I have been fascinated by stories and legends of the incomplete Cincinnati subway for most of my adult life. I am so excited to have tickets this May to one of the two tours given of the abandoned subway tunnels each year. Around 7 miles of this subway were graded or dug between 1920 and 1927 -- 2 miles of which lays below what is now Central Parkway.
Despite an enormous investment in this infrastructure, for a variety of reasons -- the Great Depression, World War II, unsuccessful bond referenda, and the Charterite reforms of the Cincinnati City Council, the subway was never put to use. Not a single subway car was purchased, no track was laid, and no passengers ever rode the subway. To this day, the Cincinnati subway stands as the largest abandoned subway tunnel in the country.
Jacob Mecklenborg's book provides an unparalleled history -- a political history -- of this fascinating chapter in American transportation. Mecklenborg explains, blow by blow, referendum vote by referendum vote, how this rapid transit system for Cincinnati was conceptualized, built, and never used.

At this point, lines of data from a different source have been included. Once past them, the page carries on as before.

lemma conn_in_cell: "x \<in> cell G n \<Longrightarrow> 1 \<le> i \<Longrightarrow> i \<le> n \<Longrightarrow> conn G n i a x \<in> cell G (Suc n)"
  using axioms unfolding cubical_omega_cat_conn_def cub_closed_def by meson

lemma comp_in_cell: "composable G n j a b \<Longrightarrow> comp G n j a b \<in> cell G n"
  using axioms unfolding cubical_omega_cat_conn_def cub_closed_def by meson

lemma face_face: "x \<in> cell G n \<Longrightarrow> 1 \<le> i \<Longrightarrow> i < j \<Longrightarrow> j \<le> n \<Longrightarrow>
    face G (n - 1) i a (face G n j b x) = face G (n - 1) (j - 1) b (face G n i a x)"
  using axioms unfolding cubical_omega_cat_conn_def cub_face_degen_def by meson

lemma degen_degen: "x \<in> cell G n \<Longrightarrow> 1 \<le> i \<Longrightarrow> i \<le> j \<Longrightarrow> j \<le> Suc n \<Longrightarrow>
    degen G (Suc n) i (degen G n j x) = degen G (Suc n) (Suc j) (degen G n i x)"
  using axioms unfolding cubical_omega_cat_conn_def cub_face_degen_def by meson

lemma face_degen_less: "x \<in> cell G n \<Longrightarrow> 1 \<le> i \<Longrightarrow> i < j \<Longrightarrow> j \<le> Suc n \<Longrightarrow>
    face G (Suc n) i a (degen G n j x) = degen G (n - 1) (j - 1) (face G n i a x)"
  using axioms unfolding cubical_omega_cat_conn_def cub_face_degen_def by meson
(* Let $0<q<\infty$ and $\frac{q}{q+1}<p<\infty$, and let $r=\frac{pq}{pq+p-q}$ (equivalently $\frac1p+\frac1r=1+\frac1q$). Then $$\left(\frac{\sin_{p,q}x}{x}\right)^p+\left(\frac{\operatorname{tam}_{p,q}x}{x}\right)^r>2 \quad \text{for all } x\in\left(0,\tfrac{\pi_{p,q}}{2}\right),$$ and $$\left(\frac{\sinh_{p,q}x}{x}\right)^p+\left(\frac{\operatorname{tamh}_{p,q}x}{x}\right)^r>2 \quad \text{for all } x\in\left(0,\tfrac{\pi_{r,q}}{2}\right).$$
   Context: For $0<q<\infty$ and $\frac{q}{q+1}<p<\infty$: let $F_{p,q}(y)=\int_0^y (1-t^q)^{-1/p}\,dt$ for $y\in[0,1)$ and $\pi_{p,q}=2\int_0^1(1-t^q)^{-1/p}\,dt\in(0,\infty]$ (it equals $\infty$ when $p\le 1$). The function $\sin_{p,q}:[0,\pi_{p,q}/2)\to[0,1)$ is the inverse of $F_{p,q}$, $\cos_{p,q}x=\frac{d}{dx}\sin_{p,q}x$, and $\operatorname{tam}_{p,q}x=\sin_{p,q}x/\cos_{p,q}^{p/q}x$. Let $G_{p,q}(y)=\int_0^y(1+t^q)^{-1/p}\,dt$ for $y\in[0,\infty)$; its range is $[0,\pi_{r,q}/2)$ with $r=\frac{pq}{pq+p-q}$ (which also satisfies $\frac{q}{q+1}<r<\infty$). The function $\sinh_{p,q}:[0,\pi_{r,q}/2)\to[0,\infty)$ is the inverse of $G_{p,q}$, $\cosh_{p,q}x=\frac{d}{dx}\sinh_{p,q}x$, and $\operatorname{tamh}_{p,q}x=\sinh_{p,q}x/\cosh_{p,q}^{p/q}x$. *)

theory Defs
  imports "HOL-Analysis.Analysis"
begin

definition F_pq :: "real \<Rightarrow> real \<Rightarrow> real \<Rightarrow> real" where
  "F_pq p q y = integral {0..y} (\<lambda>t. (1 - t powr q) powr (-1/p))"

definition pi_pq :: "real \<Rightarrow> real \<Rightarrow> ennreal" where
  "pi_pq p q = 2 * (\<integral>\<^sup>+ t. indicator {0..<1} t * ennreal ((1 - t powr q) powr (-1/p)) \<partial>lborel)"

definition sin_pq :: "real \<Rightarrow> real \<Rightarrow> real \<Rightarrow> real" where
  "sin_pq p q x = (THE y. y \<in> {0..<1} \<and> F_pq p q y = x)"

definition cos_pq :: "real \<Rightarrow> real \<Rightarrow> real \<Rightarrow> real" where
  "cos_pq p q x = deriv (sin_pq p q) x"

definition tam_pq :: "real \<Rightarrow> real \<Rightarrow> real \<Rightarrow> real" where
  "tam_pq p q x = sin_pq p q x / (cos_pq p q x) powr (p / q)"

definition G_pq :: "real \<Rightarrow> real \<Rightarrow> real \<Rightarrow> real" where
  "G_pq p q y = integral {0..y} (\<lambda>t. (1 + t powr q) powr (-1/p))"
lemma inner_hess_gfun:
  assumes x: "x \<in> regular" and v: "Dh h x v = 0"
  shows "v \<bullet> hess (gfun f h \<beta>) x v = v \<bullet> hess f x v
    - v \<bullet> frechet_derivative Dh_adj (at x) v (lam f h x)
    - v \<bullet> frechet_derivative Dlam_adj (at x) v (h x)
    + 2 * \<beta> * (v \<bullet> frechet_derivative Dh_adj (at x) v (h x))"
proof -
  let ?Dlam = "\<lambda>y. frechet_derivative (lam f h) (at y)"
  let ?DDh = "frechet_derivative Dh_adj (at x)"
  let ?DDlam = "frechet_derivative Dlam_adj (at x)"
  let ?H = "\<lambda>w. hess f x w - (Dh_adj x (?Dlam x w) + ?DDh w (lam f h x))
    - (Dlam_adj x (Dh h x w) + ?DDlam w (h x)) + (2 * \<beta>) *\<^sub>R (Dh_adj x (Dh h x w) + ?DDh w (h x))"
  have "((\<lambda>y. grad f y - Dh_adj y (lam f h y) - Dlam_adj y (h y) + (2 * \<beta>) *\<^sub>R Dh_adj y (h y))
      has_derivative ?H) (at x)"
    using h_differentiable lam_differentiable[OF x] unfolding Dh_def frechet_derivative_works
    by (intro has_derivative_add has_derivative_diff has_derivative_scaleR_right blinfun.FDERIV
        has_derivative_grad_hess[OF open_UNIV UNIV_I smooth_on_f] has_derivative_Dh_adj[unfolded Dh_def]
        has_derivative_Dlam_adj[OF x])
  then have "(grad (gfun f h \<beta>) has_derivative ?H) (at x)"
    by (rule has_derivative_transform_within_open[OF _ open_regular x])
      (simp add: grad_gfun riem_grad_def Blinfun_adjoint_apply linear_Dh linear_Dlam)
  then have "hess (gfun f h \<beta>) x = ?H"
    unfolding hess_def by (rule frechet_derivative_at[symmetric])
  \<comment> \<open>on \<open>ker Dh(x)\<close> every term containing \<open>Dh x v\<close> or \<open>Dh(x)\<^sup>*\<close> drops out\<close>
  moreover have "v \<bullet> Dh_adj x w = 0" for w
    using v by (simp add: Blinfun_adjoint_apply linear_Dh adjoint_works[OF linear_Dh])
  ultimately show ?thesis
    using v by (simp add: inner_diff_right inner_add_right)
qed

lemma inner_riem_hess:
  assumes v: "Dh h x v = 0"
  shows "v \<bullet> riem_hess f h x v = v \<bullet> hess f x v - v \<bullet> frechet_derivative Dh_adj (at x) v (lam f h x)"
proof -
  have S: "subspace {w. Dh h x w = 0}"
    by (rule linear_subspace_kernel[OF linear_Dh])
  then show ?thesis
    using v by (simp add: riem_hess_def orth_proj_id inner_orth_proj Dh_adj_derivative_apply
        inner_diff_right inner_sum_right)
qed

lemma bounded_linear_Dlam: "y \<in> regular \<Longrightarrow> bounded_linear (frechet_derivative (lam f h) (at y))"
  using lam_differentiable frechet_derivative_works has_derivative_bounded_linear by blast

lemma first_order_estimates:
  assumes s: "sigma_min h x > 0" and \<beta>: "\<beta> > max (beta2 f h x) (beta3 h x)"
    and E: "norm (grad (gfun f h \<beta>) x) \<le> \<epsilon>"
  shows "norm (h x) \<le> \<epsilon>" and "\<beta> * sigma_min h x * norm (h x) \<le> \<epsilon>"
    and "norm (riem_grad f h x) \<le> 2 * \<epsilon>"
proof -
  let ?s = "sigma_min h x" and ?L = "C_lam f h x" and ?t = "norm (h x)"
  have x: "x \<in> regular"
    by (rule regular_if_sigma_min_pos[OF s])
  have \<beta>s: "1 < \<beta> * ?s" "?L < \<beta> * ?s"
    using \<beta> s by (auto simp: beta2_def beta3_def field_simps)
  have "riem_grad f h x \<bullet> adjoint (Dh h x) (h x) = 0"
    by (simp add: adjoint_works[OF linear_Dh] Dh_riem_grad[OF x])
  moreover have "norm (adjoint (frechet_derivative (lam f h) (at x)) (h x)) \<le> ?L * ?t"
    unfolding C_lam_def by (rule norm_adjoint_le_onorm[OF bounded_linear_Dlam[OF x]])
  moreover have "?s * ?t \<le> norm (adjoint (Dh h x) (h x))"
    using sing_val_le_norm_adjoint[OF linear_Dh] by (simp add: sigma_min_def)
  moreover have "0 \<le> \<beta>"
    using \<beta>s s by (smt (verit) mult_nonpos_nonneg)
  ultimately have key: "(2 * \<beta> * ?s - ?L) * ?t \<le> \<epsilon>"
    and grad: "norm (riem_grad f h x) \<le> \<epsilon> + ?L * ?t"
    using penalty_constraint_bound[OF grad_gfun[OF x] _ E] penalty_riem_grad_bound[OF grad_gfun[OF x] _ E]
    by blast+
  have bound: "k * ?t \<le> \<epsilon>" if "k \<le> 2 * (\<beta> * ?s) - ?L" for k
    using key mult_right_mono[OF that norm_ge_zero[of "h x"]] by (simp add: mult.assoc)
  show "?t \<le> \<epsilon>"
    using bound[of 1] \<beta>s by simp
  show "\<beta> * ?s * ?t \<le> \<epsilon>"
    using bound[of "\<beta> * ?s"] \<beta>s by simp
  show "norm (riem_grad f h x) \<le> 2 * \<epsilon>"
    using bound[of ?L] \<beta>s grad by simp
qed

His history covers mass transit in Cincinnati from the early 1900s all the way to the present, in which a fixed-rail streetcar system is actively being proposed.
The book is not perfect. Mecklenborg assumes an extremely close knowledge of Cincinnati geography, streets, and neighborhoods. He also has a definitive narrative of the subway and its detractors that comes across too strongly in some of the text.
However, despite these flaws, this book provides an amazing history of one of the oddest and most fascinating stories in American transportation. More importantly -- it provides some lessons to all of us advocating for mass transit about the difficulties in building a consensus for large-scale public infrastructure.